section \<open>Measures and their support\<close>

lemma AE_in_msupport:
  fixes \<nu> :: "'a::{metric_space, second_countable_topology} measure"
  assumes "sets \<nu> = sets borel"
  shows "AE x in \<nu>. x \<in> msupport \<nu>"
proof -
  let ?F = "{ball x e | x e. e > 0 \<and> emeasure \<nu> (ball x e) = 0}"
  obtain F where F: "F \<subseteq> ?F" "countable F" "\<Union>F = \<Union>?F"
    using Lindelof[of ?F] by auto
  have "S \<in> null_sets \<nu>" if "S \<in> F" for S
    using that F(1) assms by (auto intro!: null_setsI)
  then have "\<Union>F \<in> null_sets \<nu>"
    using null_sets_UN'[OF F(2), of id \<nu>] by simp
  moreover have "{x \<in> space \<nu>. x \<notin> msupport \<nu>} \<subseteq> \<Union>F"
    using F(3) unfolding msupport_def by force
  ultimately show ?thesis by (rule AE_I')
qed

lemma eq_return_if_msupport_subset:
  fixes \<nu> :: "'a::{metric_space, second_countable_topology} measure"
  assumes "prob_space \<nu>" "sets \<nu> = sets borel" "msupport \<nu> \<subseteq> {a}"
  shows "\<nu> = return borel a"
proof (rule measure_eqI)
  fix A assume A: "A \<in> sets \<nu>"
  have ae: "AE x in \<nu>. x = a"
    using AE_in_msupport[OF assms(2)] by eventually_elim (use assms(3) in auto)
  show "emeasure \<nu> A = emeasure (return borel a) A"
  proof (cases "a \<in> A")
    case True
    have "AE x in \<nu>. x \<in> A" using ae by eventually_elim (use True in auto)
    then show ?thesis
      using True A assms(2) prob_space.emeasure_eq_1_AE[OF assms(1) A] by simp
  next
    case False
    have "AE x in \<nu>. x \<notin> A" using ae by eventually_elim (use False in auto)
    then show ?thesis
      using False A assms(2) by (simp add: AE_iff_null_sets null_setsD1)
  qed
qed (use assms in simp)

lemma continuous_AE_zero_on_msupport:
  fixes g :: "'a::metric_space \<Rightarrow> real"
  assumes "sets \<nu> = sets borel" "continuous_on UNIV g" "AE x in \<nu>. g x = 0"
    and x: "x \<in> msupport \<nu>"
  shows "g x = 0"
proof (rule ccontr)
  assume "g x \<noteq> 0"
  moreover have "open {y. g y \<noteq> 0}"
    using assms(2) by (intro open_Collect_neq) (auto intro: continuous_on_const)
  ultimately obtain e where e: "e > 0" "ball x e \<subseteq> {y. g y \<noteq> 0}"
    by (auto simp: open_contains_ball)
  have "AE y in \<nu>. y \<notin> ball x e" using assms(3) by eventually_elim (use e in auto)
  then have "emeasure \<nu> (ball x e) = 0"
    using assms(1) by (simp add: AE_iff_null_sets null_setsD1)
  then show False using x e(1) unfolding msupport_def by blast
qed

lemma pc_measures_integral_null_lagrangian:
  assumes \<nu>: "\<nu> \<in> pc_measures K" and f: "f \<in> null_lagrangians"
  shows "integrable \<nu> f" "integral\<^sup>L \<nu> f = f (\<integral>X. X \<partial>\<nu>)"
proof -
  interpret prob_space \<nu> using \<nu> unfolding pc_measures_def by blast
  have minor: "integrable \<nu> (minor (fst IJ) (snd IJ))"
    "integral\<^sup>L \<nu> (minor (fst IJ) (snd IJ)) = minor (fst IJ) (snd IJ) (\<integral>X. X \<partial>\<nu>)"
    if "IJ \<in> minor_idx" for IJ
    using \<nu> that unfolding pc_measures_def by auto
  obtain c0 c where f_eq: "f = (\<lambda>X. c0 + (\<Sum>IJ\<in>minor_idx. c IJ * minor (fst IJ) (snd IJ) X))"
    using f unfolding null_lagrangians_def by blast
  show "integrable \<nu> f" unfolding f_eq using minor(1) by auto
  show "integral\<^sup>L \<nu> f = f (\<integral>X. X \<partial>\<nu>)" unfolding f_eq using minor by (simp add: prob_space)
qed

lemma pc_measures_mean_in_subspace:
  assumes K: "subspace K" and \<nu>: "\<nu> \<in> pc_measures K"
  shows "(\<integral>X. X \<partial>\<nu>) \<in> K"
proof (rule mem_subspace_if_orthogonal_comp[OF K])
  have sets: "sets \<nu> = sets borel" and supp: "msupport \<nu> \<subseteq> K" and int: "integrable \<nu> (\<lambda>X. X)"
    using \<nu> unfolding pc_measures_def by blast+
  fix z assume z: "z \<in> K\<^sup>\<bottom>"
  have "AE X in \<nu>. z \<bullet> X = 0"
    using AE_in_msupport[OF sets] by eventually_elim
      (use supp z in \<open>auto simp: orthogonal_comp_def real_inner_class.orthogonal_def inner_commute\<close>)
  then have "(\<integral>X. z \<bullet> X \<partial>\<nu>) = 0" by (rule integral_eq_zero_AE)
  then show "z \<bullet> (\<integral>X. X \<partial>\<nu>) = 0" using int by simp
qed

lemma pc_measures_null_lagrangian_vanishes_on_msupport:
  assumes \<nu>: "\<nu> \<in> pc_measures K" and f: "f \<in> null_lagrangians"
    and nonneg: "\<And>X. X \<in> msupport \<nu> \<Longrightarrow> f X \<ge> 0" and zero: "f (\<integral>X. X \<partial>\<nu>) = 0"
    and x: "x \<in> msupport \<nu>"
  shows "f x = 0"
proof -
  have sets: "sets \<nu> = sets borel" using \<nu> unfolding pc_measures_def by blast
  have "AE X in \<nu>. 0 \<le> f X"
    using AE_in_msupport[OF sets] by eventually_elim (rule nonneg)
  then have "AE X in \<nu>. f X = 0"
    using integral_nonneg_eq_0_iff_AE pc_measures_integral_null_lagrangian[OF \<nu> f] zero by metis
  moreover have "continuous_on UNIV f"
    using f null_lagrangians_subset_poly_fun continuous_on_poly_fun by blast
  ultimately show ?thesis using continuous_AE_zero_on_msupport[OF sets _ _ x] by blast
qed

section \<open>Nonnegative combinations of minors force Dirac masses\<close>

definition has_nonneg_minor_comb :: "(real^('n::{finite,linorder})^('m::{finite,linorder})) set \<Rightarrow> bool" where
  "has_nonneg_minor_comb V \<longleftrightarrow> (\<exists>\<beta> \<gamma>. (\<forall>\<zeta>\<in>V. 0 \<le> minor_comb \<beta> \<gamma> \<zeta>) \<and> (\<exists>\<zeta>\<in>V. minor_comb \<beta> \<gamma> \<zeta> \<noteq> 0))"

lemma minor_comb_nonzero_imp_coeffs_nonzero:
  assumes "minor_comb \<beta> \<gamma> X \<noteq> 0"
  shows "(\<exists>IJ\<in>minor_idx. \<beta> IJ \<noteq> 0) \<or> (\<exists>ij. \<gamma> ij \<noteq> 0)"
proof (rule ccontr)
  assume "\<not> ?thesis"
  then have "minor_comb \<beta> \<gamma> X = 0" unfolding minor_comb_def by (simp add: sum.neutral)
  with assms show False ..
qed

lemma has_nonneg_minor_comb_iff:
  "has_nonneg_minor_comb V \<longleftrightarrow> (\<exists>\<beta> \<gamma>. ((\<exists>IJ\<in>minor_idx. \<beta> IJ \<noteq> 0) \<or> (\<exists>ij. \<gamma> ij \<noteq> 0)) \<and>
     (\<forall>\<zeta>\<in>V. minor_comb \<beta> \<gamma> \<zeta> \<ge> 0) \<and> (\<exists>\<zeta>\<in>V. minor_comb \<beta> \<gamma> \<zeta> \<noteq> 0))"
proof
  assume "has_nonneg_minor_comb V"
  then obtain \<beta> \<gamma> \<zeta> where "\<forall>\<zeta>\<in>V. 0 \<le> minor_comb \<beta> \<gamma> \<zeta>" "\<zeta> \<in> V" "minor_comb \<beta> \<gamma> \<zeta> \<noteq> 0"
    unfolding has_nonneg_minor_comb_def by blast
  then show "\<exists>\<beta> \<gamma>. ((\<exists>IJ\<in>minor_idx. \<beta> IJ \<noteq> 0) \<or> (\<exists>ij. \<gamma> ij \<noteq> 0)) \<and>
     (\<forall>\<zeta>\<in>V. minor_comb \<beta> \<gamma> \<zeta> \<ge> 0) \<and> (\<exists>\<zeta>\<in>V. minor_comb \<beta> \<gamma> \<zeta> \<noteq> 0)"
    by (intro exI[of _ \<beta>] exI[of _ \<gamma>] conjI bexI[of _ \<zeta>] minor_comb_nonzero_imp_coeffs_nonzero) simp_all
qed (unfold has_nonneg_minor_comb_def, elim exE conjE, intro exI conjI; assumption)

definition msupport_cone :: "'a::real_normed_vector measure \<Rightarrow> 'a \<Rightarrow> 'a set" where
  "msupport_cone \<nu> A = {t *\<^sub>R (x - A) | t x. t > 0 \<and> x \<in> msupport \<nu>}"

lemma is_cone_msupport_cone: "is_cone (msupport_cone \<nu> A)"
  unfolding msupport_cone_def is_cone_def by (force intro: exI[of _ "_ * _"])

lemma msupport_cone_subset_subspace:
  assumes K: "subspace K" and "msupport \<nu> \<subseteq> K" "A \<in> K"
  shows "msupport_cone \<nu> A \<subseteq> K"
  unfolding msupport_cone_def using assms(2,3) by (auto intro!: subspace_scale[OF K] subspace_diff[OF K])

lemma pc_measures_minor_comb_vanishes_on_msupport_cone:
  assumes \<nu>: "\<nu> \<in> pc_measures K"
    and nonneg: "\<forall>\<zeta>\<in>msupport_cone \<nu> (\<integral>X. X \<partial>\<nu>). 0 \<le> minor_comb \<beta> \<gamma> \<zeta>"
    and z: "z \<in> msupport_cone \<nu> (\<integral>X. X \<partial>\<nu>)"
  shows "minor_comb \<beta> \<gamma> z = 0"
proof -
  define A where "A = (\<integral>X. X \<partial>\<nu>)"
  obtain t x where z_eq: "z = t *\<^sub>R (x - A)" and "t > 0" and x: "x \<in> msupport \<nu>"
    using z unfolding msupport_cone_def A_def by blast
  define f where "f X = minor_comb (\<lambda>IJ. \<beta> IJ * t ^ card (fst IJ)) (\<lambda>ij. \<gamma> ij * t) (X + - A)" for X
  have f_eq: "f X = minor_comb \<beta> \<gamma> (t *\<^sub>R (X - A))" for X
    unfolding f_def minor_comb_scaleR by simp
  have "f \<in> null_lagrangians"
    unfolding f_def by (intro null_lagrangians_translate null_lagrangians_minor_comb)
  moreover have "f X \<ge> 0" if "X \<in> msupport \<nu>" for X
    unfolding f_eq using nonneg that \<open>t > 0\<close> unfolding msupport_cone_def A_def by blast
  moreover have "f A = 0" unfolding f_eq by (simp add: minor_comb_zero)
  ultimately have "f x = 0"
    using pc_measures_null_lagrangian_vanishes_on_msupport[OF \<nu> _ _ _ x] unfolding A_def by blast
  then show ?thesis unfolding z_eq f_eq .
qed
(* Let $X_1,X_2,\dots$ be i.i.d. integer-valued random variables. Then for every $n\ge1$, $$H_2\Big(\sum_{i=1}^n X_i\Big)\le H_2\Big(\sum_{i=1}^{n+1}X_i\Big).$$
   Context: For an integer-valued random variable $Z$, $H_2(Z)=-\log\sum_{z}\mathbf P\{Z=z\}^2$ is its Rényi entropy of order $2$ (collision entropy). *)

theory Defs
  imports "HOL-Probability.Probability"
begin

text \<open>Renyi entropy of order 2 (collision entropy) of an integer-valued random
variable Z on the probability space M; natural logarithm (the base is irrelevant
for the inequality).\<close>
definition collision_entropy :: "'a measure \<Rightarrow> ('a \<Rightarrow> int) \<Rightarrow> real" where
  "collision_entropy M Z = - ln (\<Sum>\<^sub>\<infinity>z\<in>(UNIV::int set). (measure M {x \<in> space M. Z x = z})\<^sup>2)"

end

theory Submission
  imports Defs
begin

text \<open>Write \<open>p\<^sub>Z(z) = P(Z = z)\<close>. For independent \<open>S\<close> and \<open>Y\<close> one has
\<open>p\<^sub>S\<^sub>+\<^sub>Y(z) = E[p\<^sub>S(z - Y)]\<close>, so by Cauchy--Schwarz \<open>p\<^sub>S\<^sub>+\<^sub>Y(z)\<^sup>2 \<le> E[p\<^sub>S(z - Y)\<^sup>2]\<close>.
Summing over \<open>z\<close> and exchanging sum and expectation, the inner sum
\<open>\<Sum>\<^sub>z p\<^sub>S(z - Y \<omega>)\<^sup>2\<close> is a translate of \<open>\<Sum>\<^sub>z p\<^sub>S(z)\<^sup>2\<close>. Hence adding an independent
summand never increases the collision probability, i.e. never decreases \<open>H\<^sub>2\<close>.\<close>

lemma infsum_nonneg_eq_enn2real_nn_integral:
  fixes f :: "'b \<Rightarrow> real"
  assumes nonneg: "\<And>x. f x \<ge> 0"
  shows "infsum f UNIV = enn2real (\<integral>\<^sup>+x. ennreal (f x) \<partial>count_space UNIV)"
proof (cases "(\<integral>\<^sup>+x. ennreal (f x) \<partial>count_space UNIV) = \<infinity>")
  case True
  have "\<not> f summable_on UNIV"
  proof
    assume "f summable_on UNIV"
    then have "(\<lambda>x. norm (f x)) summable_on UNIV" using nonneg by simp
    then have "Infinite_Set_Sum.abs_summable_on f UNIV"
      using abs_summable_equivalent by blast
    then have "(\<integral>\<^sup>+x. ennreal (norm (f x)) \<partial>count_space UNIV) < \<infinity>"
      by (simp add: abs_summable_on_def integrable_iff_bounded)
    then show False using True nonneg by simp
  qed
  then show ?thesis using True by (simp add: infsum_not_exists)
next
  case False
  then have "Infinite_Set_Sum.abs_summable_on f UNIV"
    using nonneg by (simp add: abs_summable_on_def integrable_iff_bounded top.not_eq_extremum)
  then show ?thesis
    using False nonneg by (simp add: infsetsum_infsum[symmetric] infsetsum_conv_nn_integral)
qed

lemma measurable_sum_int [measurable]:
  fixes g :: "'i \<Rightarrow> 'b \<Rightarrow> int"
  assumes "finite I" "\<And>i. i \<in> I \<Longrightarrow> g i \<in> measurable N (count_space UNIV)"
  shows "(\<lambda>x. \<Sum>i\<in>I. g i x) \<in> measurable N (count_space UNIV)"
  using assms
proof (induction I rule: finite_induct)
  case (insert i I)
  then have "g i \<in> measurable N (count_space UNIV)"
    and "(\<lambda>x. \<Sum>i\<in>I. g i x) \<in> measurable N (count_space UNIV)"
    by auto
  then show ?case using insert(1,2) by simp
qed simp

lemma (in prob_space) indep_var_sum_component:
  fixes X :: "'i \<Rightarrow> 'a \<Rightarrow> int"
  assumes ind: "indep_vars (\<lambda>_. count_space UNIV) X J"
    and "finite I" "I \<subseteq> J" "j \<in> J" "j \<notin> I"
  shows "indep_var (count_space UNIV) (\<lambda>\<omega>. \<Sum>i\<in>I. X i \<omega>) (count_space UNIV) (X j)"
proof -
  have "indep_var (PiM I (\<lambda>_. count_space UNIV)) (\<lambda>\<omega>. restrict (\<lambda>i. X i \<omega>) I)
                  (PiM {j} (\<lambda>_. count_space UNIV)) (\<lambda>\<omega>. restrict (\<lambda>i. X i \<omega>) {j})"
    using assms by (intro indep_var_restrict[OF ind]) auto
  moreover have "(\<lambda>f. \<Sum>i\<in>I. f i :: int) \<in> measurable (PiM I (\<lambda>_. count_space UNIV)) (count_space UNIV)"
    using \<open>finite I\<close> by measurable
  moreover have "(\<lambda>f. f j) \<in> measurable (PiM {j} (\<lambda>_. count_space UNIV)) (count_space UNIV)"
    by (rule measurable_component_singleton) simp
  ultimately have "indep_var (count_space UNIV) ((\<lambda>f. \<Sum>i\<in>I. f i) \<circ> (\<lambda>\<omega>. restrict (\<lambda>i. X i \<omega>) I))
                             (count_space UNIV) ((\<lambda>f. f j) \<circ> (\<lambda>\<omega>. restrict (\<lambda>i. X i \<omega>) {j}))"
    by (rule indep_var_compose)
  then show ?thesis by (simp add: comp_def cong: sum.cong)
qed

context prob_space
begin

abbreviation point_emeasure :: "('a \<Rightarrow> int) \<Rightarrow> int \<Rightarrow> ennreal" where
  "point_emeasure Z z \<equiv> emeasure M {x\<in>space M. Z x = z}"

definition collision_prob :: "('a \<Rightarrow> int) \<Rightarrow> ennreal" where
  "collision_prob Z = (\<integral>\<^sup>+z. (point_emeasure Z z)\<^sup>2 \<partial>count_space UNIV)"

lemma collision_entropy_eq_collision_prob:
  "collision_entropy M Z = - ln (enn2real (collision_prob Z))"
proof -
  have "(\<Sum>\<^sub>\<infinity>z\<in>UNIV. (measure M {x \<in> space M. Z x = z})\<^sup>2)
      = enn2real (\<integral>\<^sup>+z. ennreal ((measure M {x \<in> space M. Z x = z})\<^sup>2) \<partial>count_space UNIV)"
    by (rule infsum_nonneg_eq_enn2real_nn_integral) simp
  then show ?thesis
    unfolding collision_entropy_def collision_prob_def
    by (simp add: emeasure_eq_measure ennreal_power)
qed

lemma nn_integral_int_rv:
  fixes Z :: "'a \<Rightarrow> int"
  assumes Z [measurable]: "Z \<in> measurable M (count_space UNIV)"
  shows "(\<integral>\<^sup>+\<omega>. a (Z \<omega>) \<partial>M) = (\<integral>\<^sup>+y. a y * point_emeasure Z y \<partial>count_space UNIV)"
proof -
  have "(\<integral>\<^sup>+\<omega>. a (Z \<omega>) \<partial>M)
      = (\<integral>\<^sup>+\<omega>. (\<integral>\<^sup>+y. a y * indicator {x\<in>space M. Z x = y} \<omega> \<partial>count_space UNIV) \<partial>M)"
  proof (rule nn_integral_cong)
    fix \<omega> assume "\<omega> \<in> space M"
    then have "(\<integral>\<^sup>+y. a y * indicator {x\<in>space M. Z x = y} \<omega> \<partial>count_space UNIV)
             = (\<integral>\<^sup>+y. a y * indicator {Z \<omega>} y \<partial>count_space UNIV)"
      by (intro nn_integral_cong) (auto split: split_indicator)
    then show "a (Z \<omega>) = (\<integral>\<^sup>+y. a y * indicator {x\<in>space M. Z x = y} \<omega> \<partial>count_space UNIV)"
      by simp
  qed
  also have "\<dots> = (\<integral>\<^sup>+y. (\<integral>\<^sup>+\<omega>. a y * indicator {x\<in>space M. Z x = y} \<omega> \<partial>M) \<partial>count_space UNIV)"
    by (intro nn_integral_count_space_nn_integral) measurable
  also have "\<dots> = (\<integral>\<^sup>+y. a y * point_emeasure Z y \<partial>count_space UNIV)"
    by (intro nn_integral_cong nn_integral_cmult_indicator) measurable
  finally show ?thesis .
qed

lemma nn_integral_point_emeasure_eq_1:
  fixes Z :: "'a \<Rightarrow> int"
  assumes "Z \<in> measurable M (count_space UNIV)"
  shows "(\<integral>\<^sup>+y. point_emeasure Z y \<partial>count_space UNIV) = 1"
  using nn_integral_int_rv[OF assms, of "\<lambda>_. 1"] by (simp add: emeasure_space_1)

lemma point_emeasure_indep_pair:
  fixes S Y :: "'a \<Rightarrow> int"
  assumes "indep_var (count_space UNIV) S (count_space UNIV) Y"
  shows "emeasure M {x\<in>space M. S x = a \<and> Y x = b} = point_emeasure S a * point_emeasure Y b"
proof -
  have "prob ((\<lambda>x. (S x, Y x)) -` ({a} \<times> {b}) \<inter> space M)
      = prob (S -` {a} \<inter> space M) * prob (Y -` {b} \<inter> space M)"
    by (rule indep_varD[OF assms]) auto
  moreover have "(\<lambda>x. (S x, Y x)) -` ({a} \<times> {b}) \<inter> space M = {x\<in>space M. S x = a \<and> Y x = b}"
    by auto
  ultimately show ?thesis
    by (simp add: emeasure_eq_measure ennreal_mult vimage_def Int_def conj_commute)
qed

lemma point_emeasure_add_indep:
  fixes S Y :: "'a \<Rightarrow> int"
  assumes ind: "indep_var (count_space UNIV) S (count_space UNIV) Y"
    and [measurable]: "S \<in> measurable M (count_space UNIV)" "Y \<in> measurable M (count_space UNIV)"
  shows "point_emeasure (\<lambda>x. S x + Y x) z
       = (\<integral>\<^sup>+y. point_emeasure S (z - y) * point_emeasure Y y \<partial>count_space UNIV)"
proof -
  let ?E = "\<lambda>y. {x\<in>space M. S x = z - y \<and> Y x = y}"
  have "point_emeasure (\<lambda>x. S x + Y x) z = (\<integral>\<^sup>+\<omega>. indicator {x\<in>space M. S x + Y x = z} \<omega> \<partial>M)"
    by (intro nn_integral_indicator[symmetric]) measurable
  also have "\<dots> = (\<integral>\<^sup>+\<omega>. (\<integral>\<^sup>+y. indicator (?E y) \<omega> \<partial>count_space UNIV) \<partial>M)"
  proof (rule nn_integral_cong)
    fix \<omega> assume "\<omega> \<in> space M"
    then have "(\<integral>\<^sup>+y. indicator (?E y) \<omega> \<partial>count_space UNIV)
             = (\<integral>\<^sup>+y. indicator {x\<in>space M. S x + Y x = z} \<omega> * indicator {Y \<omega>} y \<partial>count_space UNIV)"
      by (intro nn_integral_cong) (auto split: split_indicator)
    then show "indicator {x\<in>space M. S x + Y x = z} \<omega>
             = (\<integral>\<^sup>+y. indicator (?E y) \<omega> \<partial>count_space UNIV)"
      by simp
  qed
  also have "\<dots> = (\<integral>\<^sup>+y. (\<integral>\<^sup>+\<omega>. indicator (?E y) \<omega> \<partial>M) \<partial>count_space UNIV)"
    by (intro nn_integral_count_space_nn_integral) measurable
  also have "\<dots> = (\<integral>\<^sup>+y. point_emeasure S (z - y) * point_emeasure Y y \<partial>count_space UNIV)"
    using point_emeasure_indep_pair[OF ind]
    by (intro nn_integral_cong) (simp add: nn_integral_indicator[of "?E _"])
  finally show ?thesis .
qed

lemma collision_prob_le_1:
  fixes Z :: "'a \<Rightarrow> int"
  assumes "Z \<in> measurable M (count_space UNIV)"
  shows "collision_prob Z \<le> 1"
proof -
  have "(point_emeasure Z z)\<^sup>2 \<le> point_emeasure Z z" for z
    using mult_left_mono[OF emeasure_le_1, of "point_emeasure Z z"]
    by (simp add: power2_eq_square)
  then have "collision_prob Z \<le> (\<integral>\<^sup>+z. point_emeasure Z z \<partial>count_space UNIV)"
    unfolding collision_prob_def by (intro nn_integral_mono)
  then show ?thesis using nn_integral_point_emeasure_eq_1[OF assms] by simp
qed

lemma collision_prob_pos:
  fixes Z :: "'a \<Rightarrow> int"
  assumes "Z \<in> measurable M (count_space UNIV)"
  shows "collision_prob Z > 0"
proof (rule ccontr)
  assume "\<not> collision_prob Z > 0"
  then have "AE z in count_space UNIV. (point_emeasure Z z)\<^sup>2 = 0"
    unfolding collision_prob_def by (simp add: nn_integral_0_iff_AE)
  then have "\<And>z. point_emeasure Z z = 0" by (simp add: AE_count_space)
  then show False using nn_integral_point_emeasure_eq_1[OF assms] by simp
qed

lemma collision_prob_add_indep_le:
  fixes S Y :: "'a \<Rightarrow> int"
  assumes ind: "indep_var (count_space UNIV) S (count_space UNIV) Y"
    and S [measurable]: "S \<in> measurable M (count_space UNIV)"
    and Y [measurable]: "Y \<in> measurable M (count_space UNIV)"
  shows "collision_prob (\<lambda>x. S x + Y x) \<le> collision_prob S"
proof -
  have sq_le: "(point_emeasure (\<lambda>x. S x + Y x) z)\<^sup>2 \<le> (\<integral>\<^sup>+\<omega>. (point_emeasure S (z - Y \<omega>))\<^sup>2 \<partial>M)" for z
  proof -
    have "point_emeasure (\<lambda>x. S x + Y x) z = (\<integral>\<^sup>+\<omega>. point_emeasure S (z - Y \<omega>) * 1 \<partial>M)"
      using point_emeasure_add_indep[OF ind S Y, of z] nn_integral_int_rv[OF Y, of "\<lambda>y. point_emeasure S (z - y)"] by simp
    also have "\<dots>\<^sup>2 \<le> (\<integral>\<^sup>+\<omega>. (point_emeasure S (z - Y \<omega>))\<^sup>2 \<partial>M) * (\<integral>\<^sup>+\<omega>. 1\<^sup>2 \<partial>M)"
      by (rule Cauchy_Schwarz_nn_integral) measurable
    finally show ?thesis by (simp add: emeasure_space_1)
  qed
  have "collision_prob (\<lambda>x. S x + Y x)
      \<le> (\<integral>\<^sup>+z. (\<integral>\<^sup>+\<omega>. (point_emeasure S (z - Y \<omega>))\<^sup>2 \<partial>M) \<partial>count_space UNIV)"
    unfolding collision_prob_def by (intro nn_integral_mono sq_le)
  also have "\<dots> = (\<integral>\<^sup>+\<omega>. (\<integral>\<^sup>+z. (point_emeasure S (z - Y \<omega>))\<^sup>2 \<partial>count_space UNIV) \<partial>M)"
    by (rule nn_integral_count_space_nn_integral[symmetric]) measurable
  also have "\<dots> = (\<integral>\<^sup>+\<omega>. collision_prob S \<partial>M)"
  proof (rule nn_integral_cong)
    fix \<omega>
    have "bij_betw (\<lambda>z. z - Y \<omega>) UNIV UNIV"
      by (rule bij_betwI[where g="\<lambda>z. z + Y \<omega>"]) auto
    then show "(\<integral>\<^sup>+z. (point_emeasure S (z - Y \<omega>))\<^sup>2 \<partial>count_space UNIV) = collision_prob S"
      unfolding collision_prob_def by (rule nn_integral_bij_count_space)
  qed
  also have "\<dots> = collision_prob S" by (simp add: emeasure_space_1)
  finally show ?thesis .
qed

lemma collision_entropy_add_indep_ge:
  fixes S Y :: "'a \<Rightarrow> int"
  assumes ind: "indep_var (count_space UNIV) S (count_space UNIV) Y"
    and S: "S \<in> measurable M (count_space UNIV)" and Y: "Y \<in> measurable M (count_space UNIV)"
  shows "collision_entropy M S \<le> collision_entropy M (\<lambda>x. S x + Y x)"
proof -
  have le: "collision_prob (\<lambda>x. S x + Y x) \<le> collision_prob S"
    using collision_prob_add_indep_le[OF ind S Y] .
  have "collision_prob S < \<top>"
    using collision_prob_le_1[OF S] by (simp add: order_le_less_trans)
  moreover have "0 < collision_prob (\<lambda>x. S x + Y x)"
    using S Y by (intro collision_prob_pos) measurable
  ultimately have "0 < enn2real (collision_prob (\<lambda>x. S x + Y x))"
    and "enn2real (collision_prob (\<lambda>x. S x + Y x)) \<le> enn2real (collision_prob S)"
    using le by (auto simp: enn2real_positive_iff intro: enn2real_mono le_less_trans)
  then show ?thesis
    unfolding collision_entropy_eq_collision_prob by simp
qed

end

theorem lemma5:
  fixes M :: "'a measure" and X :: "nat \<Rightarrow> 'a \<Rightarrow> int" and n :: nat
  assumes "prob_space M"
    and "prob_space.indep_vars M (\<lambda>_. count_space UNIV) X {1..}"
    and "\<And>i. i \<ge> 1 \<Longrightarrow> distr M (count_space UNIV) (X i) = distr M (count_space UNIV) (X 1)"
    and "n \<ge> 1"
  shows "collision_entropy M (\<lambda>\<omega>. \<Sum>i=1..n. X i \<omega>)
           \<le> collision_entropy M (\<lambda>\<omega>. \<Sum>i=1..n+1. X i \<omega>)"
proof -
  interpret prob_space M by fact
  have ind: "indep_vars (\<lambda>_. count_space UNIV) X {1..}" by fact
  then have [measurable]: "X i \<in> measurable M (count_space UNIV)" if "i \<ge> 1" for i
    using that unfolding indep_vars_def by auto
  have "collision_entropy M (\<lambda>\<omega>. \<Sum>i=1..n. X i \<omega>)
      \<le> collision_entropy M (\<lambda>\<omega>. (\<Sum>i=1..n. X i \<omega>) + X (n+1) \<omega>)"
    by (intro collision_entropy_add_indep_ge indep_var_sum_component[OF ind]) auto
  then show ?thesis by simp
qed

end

*Your task*: For every line above that includes the string "dots", copy the line.

*Result*:
(* Let $X_1,X_2,\dots$ be i.i.d. integer-valued random variables. Then for every $n\ge1$, $$H_2\Big(\sum_{i=1}^n X_i\Big)\le H_2\Big(\sum_{i=1}^{n+1}X_i\Big).$$
  also have "\<dots> = (\<integral>\<^sup>+y. (\<integral>\<^sup>+\<omega>. a y * indicator {x\<in>space M. Z x = y} \<omega> \<partial>M) \<partial>count_space UNIV)"
  also have "\<dots> = (\<integral>\<^sup>+y. a y * point_emeasure Z y \<partial>count_space UNIV)"
  also have "\<dots> = (\<integral>\<^sup>+\<omega>. (\<integral>\<^sup>+y. indicator (?E y) \<omega> \<partial>count_space UNIV) \<partial>M)"
  also have "\<dots> = (\<integral>\<^sup>+y. (\<integral>\<^sup>+\<omega>. indicator (?E y) \<omega> \<partial>M) \<partial>count_space UNIV)"
  also have "\<dots> = (\<integral>\<^sup>+y. point_emeasure S (z - y) * point_emeasure Y y \<partial>count_space UNIV)"
    also have "\<dots>\<^sup>2 \<le> (\<integral>\<^sup>+\<omega>. (point_emeasure S (z - Y \<omega>))\<^sup>2 \<partial>M) * (\<integral>\<^sup>+\<omega>. 1\<^sup>2 \<partial>M)"
  also have "\<dots> = (\<integral>\<^sup>+\<omega>. (\<integral>\<^sup>+z. (point_emeasure S (z - Y \<omega>))\<^sup>2 \<partial>count_space UNIV) \<partial>M)"
  also have "\<dots> = (\<integral>\<^sup>+\<omega>. collision_prob S \<partial>M)"
  also have "\<dots> = collision_prob S" by (simp add: emeasure_space_1)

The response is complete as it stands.